━━━━━ Dataset records ━━━━━
(* Let $\sigma,\rho\in\mathbb{R}$ and $\alpha,\beta,\gamma\in\mathbb{C}$. Define the Laurent polynomials $$\eta^{(2)}(\zeta)=\frac{\sigma}{\zeta}\,\frac{(\zeta-\gamma)(\bar\gamma\zeta+1)}{1+|\gamma|^2},\qquad \eta^{(4)}(\zeta)=\frac{\rho}{\zeta^2}\,\frac{(\zeta-\alpha)(\bar\alpha\zeta+1)}{1+|\alpha|^2}\,\frac{(\zeta-\beta)(\bar\beta\zeta+1)}{1+|\beta|^2},$$ and write their expansions as $\eta^{(2)}(\zeta)=\frac{\bar z_1}{\zeta}+x_1-z_1\zeta$ and $\eta^{(4)}(\zeta)=\frac{\bar z_2}{\zeta^2}+\frac{\bar v_2}{\zeta}+x_2-v_2\zeta+z_2\zeta^2$ (so $x_1,x_2\in\mathbb{R}$, $z_1,z_2,v_2\in\mathbb{C}$). Define $$g_{\sigma^2}=4|z_1|^2+x_1^2,\qquad g_{\rho^2}=4|z_2|^2+|v_2|^2+\tfrac13x_2^2,$$ $$g_{\rho\sigma^2}=\tfrac23x_2(x_1^2-2|z_1|^2)+4z_2\bar z_1^2+4\bar z_2z_1^2+2v_2\bar z_1x_1+2\bar v_2z_1x_1,$$ $$g_{\rho^2\sigma^2}=(8|z_2|^2-|v_2|^2-\tfrac23x_2^2)(x_1^2-2|z_1|^2)-12z_2\bar v_2\bar z_1x_1-12\bar z_2v_2z_1x_1+8z_2x_2\bar z_1^2+8\bar z_2x_2z_1^2-2v_2x_2\bar z_1x_1-2\bar v_2x_2z_1x_1-3v_2^2\bar z_1^2-3\bar v_2^2z_1^2.$$ For $a,b\in\mathbb{C}$ let $\delta_{ab}=2\arccos\frac{|1+\bar a b|}{\sqrt{(1+|a|^2)(1+|b|^2)}}$ (the Fubini–Study distance on the Riemann sphere), and set $$Q_\pm^2=(\cos\delta_{\alpha\gamma}\pm\cos\delta_{\beta\gamma})^2,\qquad Q_0^2=\det\begin{pmatrix}1&\cos\delta_{\alpha\gamma}&\cos\delta_{\alpha\beta}\\ \cos\delta_{\alpha\gamma}&1&\cos\delta_{\beta\gamma}\\ \cos\delta_{\alpha\beta}&\cos\delta_{\beta\gamma}&1\end{pmatrix}.$$ Then $$g_{\rho\sigma^2}=\rho\sigma^2\Big(\cos\delta_{\alpha\gamma}\cos\delta_{\beta\gamma}-\tfrac13\cos\delta_{\alpha\beta}\Big),\qquad g_{\rho^2\sigma^2}=g_{\rho^2}g_{\sigma^2}+\tfrac14\rho^2\sigma^2\big(Q_0^2-Q_+^2-Q_-^2\big).$$
   Context: $\eta^{(2)}$ and $\eta^{(4)}$ are real ${\cal O}(2)$ and ${\cal O}(4)$ multiplets in Majorana (root) form; the quantities $g$ are $SU(2)$-invariants built from their coefficients. *)

theory Defs
  imports "HOL-Analysis.Analysis"
begin

definition eta2 :: "real \<Rightarrow> complex \<Rightarrow> complex \<Rightarrow> complex" where
  "eta2 \<sigma> \<gamma> \<zeta> =
     (complex_of_real \<sigma> / \<zeta>) * ((\<zeta> - \<gamma>) * (cnj \<gamma> * \<zeta> + 1) / complex_of_real (1 + (cmod \<gamma>)\<^sup>2))"

definition eta4 :: "real \<Rightarrow> complex \<Rightarrow> complex \<Rightarrow> complex \<Rightarrow> complex" where
  "eta4 \<rho> \<alpha> \<beta> \<zeta> =
     (complex_of_real \<rho> / \<zeta>\<^sup>2)
     * ((\<zeta> - \<alpha>) * (cnj \<alpha> * \<zeta> + 1) / complex_of_real (1 + (cmod \<alpha>)\<^sup>2))
     * ((\<zeta> - \<beta>) * (cnj \<beta> * \<zeta> + 1) / complex_of_real (1 + (cmod \<beta>)\<^sup>2))"

definition fs_dist :: "complex \<Rightarrow> complex \<Rightarrow> real" where
  "fs_dist a b = 2 * arccos (cmod (1 + cnj a * b) / sqrt ((1 + (cmod a)\<^sup>2) * (1 + (cmod b)\<^sup>2)))"

end

theory Submission
  imports Defs "HOL-Computational_Algebra.Polynomial"
begin

text \<open>Inverse stereographic projection sends a root \<open>a\<close> to a unit vector \<open>n(a)\<close> in \<open>\<real>\<^sup>3\<close>, and
\<open>cos (fs_dist a b)\<close> is the inner product \<open>n(a) \<cdot> n(b)\<close>. The coefficients of \<open>eta2 \<sigma> \<gamma>\<close> are the
components of \<open>\<sigma> n(\<gamma>)\<close>; since \<open>eta4 \<rho> \<alpha> \<beta> = \<rho> eta2 1 \<alpha> eta2 1 \<beta>\<close>, the coefficients of
\<open>eta4\<close> are those of \<open>\<rho>\<close> times the traceless symmetric product of \<open>n(\<alpha>)\<close> and \<open>n(\<beta>)\<close>. Each
invariant is therefore a polynomial in the three inner products, and both identities become
polynomial identities modulo \<open>|n(\<alpha>)| = |n(\<beta>)| = |n(\<gamma>)| = 1\<close>.\<close>

lemma poly_eq_0_if_vanishes_off_0:
  fixes p :: "'a::{idom,ring_char_0} poly"
  assumes "\<And>x. x \<noteq> 0 \<Longrightarrow> poly p x = 0"
  shows "p = 0"
proof (rule ccontr)
  assume "p \<noteq> 0"
  then have "finite {x. poly p x = 0}" by (rule poly_roots_finite)
  moreover have "UNIV - {0} \<subseteq> {x. poly p x = 0}" using assms by auto
  ultimately have "finite (UNIV :: 'a set)" by (metis finite_Diff2 finite.emptyI finite_insert finite_subset)
  then show False using infinite_UNIV_char_0 by blast
qed

lemma laurent_coeffs_unique:
  fixes a0 a1 a2 a3 a4 b0 b1 b2 b3 b4 :: "'a::field_char_0"
  assumes "\<And>x. x \<noteq> 0 \<Longrightarrow>
    a0 / x\<^sup>2 + a1 / x + a2 + a3 * x + a4 * x\<^sup>2 = b0 / x\<^sup>2 + b1 / x + b2 + b3 * x + b4 * x\<^sup>2"
  shows "a0 = b0" "a1 = b1" "a2 = b2" "a3 = b3" "a4 = b4"
proof -
  let ?p = "[:a0 - b0, a1 - b1, a2 - b2, a3 - b3, a4 - b4:]"
  have "poly ?p x = 0" if "x \<noteq> 0" for x
  proof -
    have "poly ?p x = x\<^sup>2 * ((a0 / x\<^sup>2 + a1 / x + a2 + a3 * x + a4 * x\<^sup>2)
                           - (b0 / x\<^sup>2 + b1 / x + b2 + b3 * x + b4 * x\<^sup>2))"
      using that by (simp add: field_simps power2_eq_square)
    then show ?thesis using assms[OF that] by simp
  qed
  then have "?p = 0" by (rule poly_eq_0_if_vanishes_off_0)
  then show "a0 = b0" "a1 = b1" "a2 = b2" "a3 = b3" "a4 = b4" by simp_all
qed

lemma of_real_Re: "complex_of_real (Re z) = (z + cnj z) / 2"
  by (simp add: complex_add_cnj)

lemma of_real_cmod_power2: "(complex_of_real (cmod z))\<^sup>2 = z * cnj z"
  by (metis complex_norm_square of_real_power)

lemmas of_real_arith = of_real_add of_real_diff of_real_minus of_real_mult of_real_divide
  of_real_power of_real_numeral of_real_1

lemma mult_cnj_add_power2_eq_1:
  "(cmod A)\<^sup>2 + a\<^sup>2 = 1 \<Longrightarrow> A * cnj A + (complex_of_real a)\<^sup>2 = 1"
  by (metis complex_norm_square of_real_1 of_real_add of_real_power)

text \<open>\<open>(sphere_xy a, sphere_z a)\<close> is the point of the unit sphere corresponding to \<open>a\<close> under
inverse stereographic projection, with its horizontal part written as a complex number
(conjugated, to match the coefficient conventions of the multiplets).\<close>

definition sphere_xy :: "complex \<Rightarrow> complex" where
  "sphere_xy a = 2 * cnj a / of_real (1 + (cmod a)\<^sup>2)"

definition sphere_z :: "complex \<Rightarrow> real" where
  "sphere_z a = (1 - (cmod a)\<^sup>2) / (1 + (cmod a)\<^sup>2)"

lemma one_plus_cmod_sq_neq_0: "complex_of_real (1 + (cmod a)\<^sup>2) \<noteq> 0"
  by (metis add_pos_nonneg of_real_eq_0_iff zero_le_power2 zero_less_one less_irrefl)

lemma of_real_one_plus_cmod_sq: "complex_of_real (1 + (cmod a)\<^sup>2) = 1 + a * cnj a"
  by (simp only: of_real_add of_real_1 complex_norm_square)

lemma sphere_norm: "(cmod (sphere_xy a))\<^sup>2 + (sphere_z a)\<^sup>2 = 1"
proof -
  have N: "1 + (cmod a)\<^sup>2 > 0" by (simp add: add_pos_nonneg)
  then have "cmod (sphere_xy a) = 2 * cmod a / (1 + (cmod a)\<^sup>2)"
    unfolding sphere_xy_def by (simp only: norm_divide norm_mult norm_of_real complex_mod_cnj) simp
  with N show ?thesis
    unfolding sphere_z_def by (simp add: power_divide divide_simps) algebra
qed

lemma norm_sq_one_plus_cnj_mult:
  "(cmod (1 + cnj a * b))\<^sup>2 + (cmod (a - b))\<^sup>2 = (1 + (cmod a)\<^sup>2) * (1 + (cmod b)\<^sup>2)"
proof -
  have "complex_of_real ((cmod (1 + cnj a * b))\<^sup>2 + (cmod (a - b))\<^sup>2)
      = complex_of_real ((1 + (cmod a)\<^sup>2) * (1 + (cmod b)\<^sup>2))"
    by (simp only: of_real_add of_real_mult of_real_1 complex_norm_square) (simp; algebra)
  then show ?thesis by (rule of_real_eq_iff[THEN iffD1])
qed

lemma cos_fs_dist_eq_norm_sq:
  "cos (fs_dist a b) = 2 * (cmod (1 + cnj a * b))\<^sup>2 / ((1 + (cmod a)\<^sup>2) * (1 + (cmod b)\<^sup>2)) - 1"
proof -
  define P where "P = (1 + (cmod a)\<^sup>2) * (1 + (cmod b)\<^sup>2)"
  define t where "t = cmod (1 + cnj a * b) / sqrt P"
  have P: "P > 0" unfolding P_def by (simp add: add_pos_nonneg)
  have "cmod (1 + cnj a * b) \<le> sqrt P"
    using norm_sq_one_plus_cnj_mult[of a b] unfolding P_def
    by (intro real_le_rsqrt) (metis le_add_same_cancel1 zero_le_power2)
  then have "0 \<le> t" "t \<le> 1" using P unfolding t_def by simp_all
  moreover have "t\<^sup>2 = (cmod (1 + cnj a * b))\<^sup>2 / P" using P unfolding t_def by (simp add: power_divide)
  ultimately show ?thesis
    unfolding fs_dist_def t_def[symmetric] P_def[symmetric] by (simp add: cos_double_cos)
qed

lemma cos_fs_dist: "cos (fs_dist a b) = Re (sphere_xy a * cnj (sphere_xy b)) + sphere_z a * sphere_z b"
proof -
  define Na where "Na = complex_of_real (1 + (cmod a)\<^sup>2)"
  define Nb where "Nb = complex_of_real (1 + (cmod b)\<^sup>2)"
  have N: "Na \<noteq> 0" "Nb \<noteq> 0" "cnj Na = Na" "cnj Nb = Nb"
    unfolding Na_def Nb_def using one_plus_cmod_sq_neq_0 by (simp_all only: complex_cnj_complex_of_real) simp_all
  have N_eq: "Na = 1 + a * cnj a" "Nb = 1 + b * cnj b"
    unfolding Na_def Nb_def by (simp_all only: of_real_one_plus_cmod_sq)
  have "complex_of_real (cos (fs_dist a b))
      = 2 * ((1 + cnj a * b) * cnj (1 + cnj a * b)) / (Na * Nb) - 1"
    unfolding cos_fs_dist_eq_norm_sq Na_def Nb_def
    by (simp only: of_real_diff of_real_divide of_real_mult of_real_1 of_real_numeral
        complex_norm_square)
  also have "\<dots> = ((2 * cnj a / Na) * cnj (2 * cnj b / Nb) + cnj ((2 * cnj a / Na) * cnj (2 * cnj b / Nb))) / 2
      + ((1 - a * cnj a) / Na) * ((1 - b * cnj b) / Nb)"
    using N by (simp add: field_simps) (use N_eq in algebra)
  also have "\<dots> = complex_of_real (Re (sphere_xy a * cnj (sphere_xy b)) + sphere_z a * sphere_z b)"
    unfolding sphere_xy_def Na_def[symmetric] Nb_def[symmetric]
    unfolding sphere_z_def of_real_add of_real_mult of_real_Re
    by (simp only: of_real_divide of_real_diff of_real_1 complex_norm_square Na_def[symmetric] Nb_def[symmetric])
  finally show ?thesis by (rule of_real_eq_iff[THEN iffD1])
qed

lemma eta2_expansion:
  assumes "\<zeta> \<noteq> 0"
  shows "eta2 \<sigma> \<gamma> \<zeta> = of_real \<sigma> *
    (- cnj (sphere_xy \<gamma>) / (2 * \<zeta>) + of_real (sphere_z \<gamma>) + sphere_xy \<gamma> * \<zeta> / 2)"
proof -
  define N where "N = complex_of_real (1 + (cmod \<gamma>)\<^sup>2)"
  have N: "N \<noteq> 0" "cnj N = N"
    unfolding N_def using one_plus_cmod_sq_neq_0 by simp_all
  have N_eq: "N = 1 + \<gamma> * cnj \<gamma>"
    unfolding N_def by (rule of_real_one_plus_cmod_sq)
  have "complex_of_real (sphere_z \<gamma>) = (1 - \<gamma> * cnj \<gamma>) / N"
    unfolding sphere_z_def N_def by (simp only: of_real_divide of_real_diff of_real_1 complex_norm_square)
  then show ?thesis
    using assms N unfolding eta2_def sphere_xy_def N_def[symmetric]
    by (simp add: field_simps) (use N_eq in algebra)
qed

lemma eta4_eq_mult_eta2: "eta4 \<rho> \<alpha> \<beta> \<zeta> = of_real \<rho> * eta2 1 \<alpha> \<zeta> * eta2 1 \<beta> \<zeta>"
  unfolding eta2_def eta4_def by (simp add: power2_eq_square)

lemma eta4_expansion:
  assumes "\<zeta> \<noteq> 0"
  shows "eta4 \<rho> \<alpha> \<beta> \<zeta> = of_real \<rho> *
    (cnj (sphere_xy \<alpha> * sphere_xy \<beta>) / (4 * \<zeta>\<^sup>2)
     - (cnj (sphere_xy \<alpha>) * of_real (sphere_z \<beta>) + of_real (sphere_z \<alpha>) * cnj (sphere_xy \<beta>)) / (2 * \<zeta>)
     + of_real (sphere_z \<alpha> * sphere_z \<beta> - Re (sphere_xy \<alpha> * cnj (sphere_xy \<beta>)) / 2)
     + (sphere_xy \<alpha> * of_real (sphere_z \<beta>) + of_real (sphere_z \<alpha>) * sphere_xy \<beta>) * \<zeta> / 2
     + sphere_xy \<alpha> * sphere_xy \<beta> * \<zeta>\<^sup>2 / 4)"
  unfolding eta4_eq_mult_eta2 eta2_expansion[OF assms] of_real_diff of_real_mult of_real_divide of_real_Re
  using assms by (simp add: field_simps power2_eq_square)

lemma eta2_coeffs:
  assumes "\<And>\<zeta>. \<zeta> \<noteq> 0 \<Longrightarrow> eta2 \<sigma> \<gamma> \<zeta> = cnj z1 / \<zeta> + complex_of_real x1 - z1 * \<zeta>"
  shows "z1 = - of_real \<sigma> * sphere_xy \<gamma> / 2" and "x1 = \<sigma> * sphere_z \<gamma>"
proof -
  have laurent: "0 / \<zeta>\<^sup>2 + cnj z1 / \<zeta> + of_real x1 + (- z1) * \<zeta> + 0 * \<zeta>\<^sup>2
      = 0 / \<zeta>\<^sup>2 + (- of_real \<sigma> * cnj (sphere_xy \<gamma>) / 2) / \<zeta> + of_real (\<sigma> * sphere_z \<gamma>)
        + (- (- of_real \<sigma> * sphere_xy \<gamma> / 2)) * \<zeta> + 0 * \<zeta>\<^sup>2" if "\<zeta> \<noteq> 0" for \<zeta>
    using assms[OF that] eta2_expansion[OF that] by (simp add: field_simps)
  have "complex_of_real x1 = of_real (\<sigma> * sphere_z \<gamma>)" and "- z1 = - (- of_real \<sigma> * sphere_xy \<gamma> / 2)"
    by (rule laurent_coeffs_unique, erule laurent)+
  then show "z1 = - of_real \<sigma> * sphere_xy \<gamma> / 2" and "x1 = \<sigma> * sphere_z \<gamma>"
    by (simp_all only: of_real_eq_iff neg_equal_iff_equal)
qed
━━━━━
__Exercise brief__: Read the data above and pull out each line that holds the string "noteq".

__Exercise output__:
  assumes "\<And>x. x \<noteq> 0 \<Longrightarrow> poly p x = 0"
  assume "p \<noteq> 0"
  assumes "\<And>x. x \<noteq> 0 \<Longrightarrow>
  have "poly ?p x = 0" if "x \<noteq> 0" for x
lemma one_plus_cmod_sq_neq_0: "complex_of_real (1 + (cmod a)\<^sup>2) \<noteq> 0"
  have N: "Na \<noteq> 0" "Nb \<noteq> 0" "cnj Na = Na" "cnj Nb = Nb"
  assumes "\<zeta> \<noteq> 0"
  have N: "N \<noteq> 0" "cnj N = N"
  assumes "\<zeta> \<noteq> 0"
  assumes "\<And>\<zeta>. \<zeta> \<noteq> 0 \<Longrightarrow> eta2 \<sigma> \<gamma> \<zeta> = cnj z1 / \<zeta> + complex_of_real x1 - z1 * \<zeta>"
        + (- (- of_real \<sigma> * sphere_xy \<gamma> / 2)) * \<zeta> + 0 * \<zeta>\<^sup>2" if "\<zeta> \<noteq> 0" for \<zeta>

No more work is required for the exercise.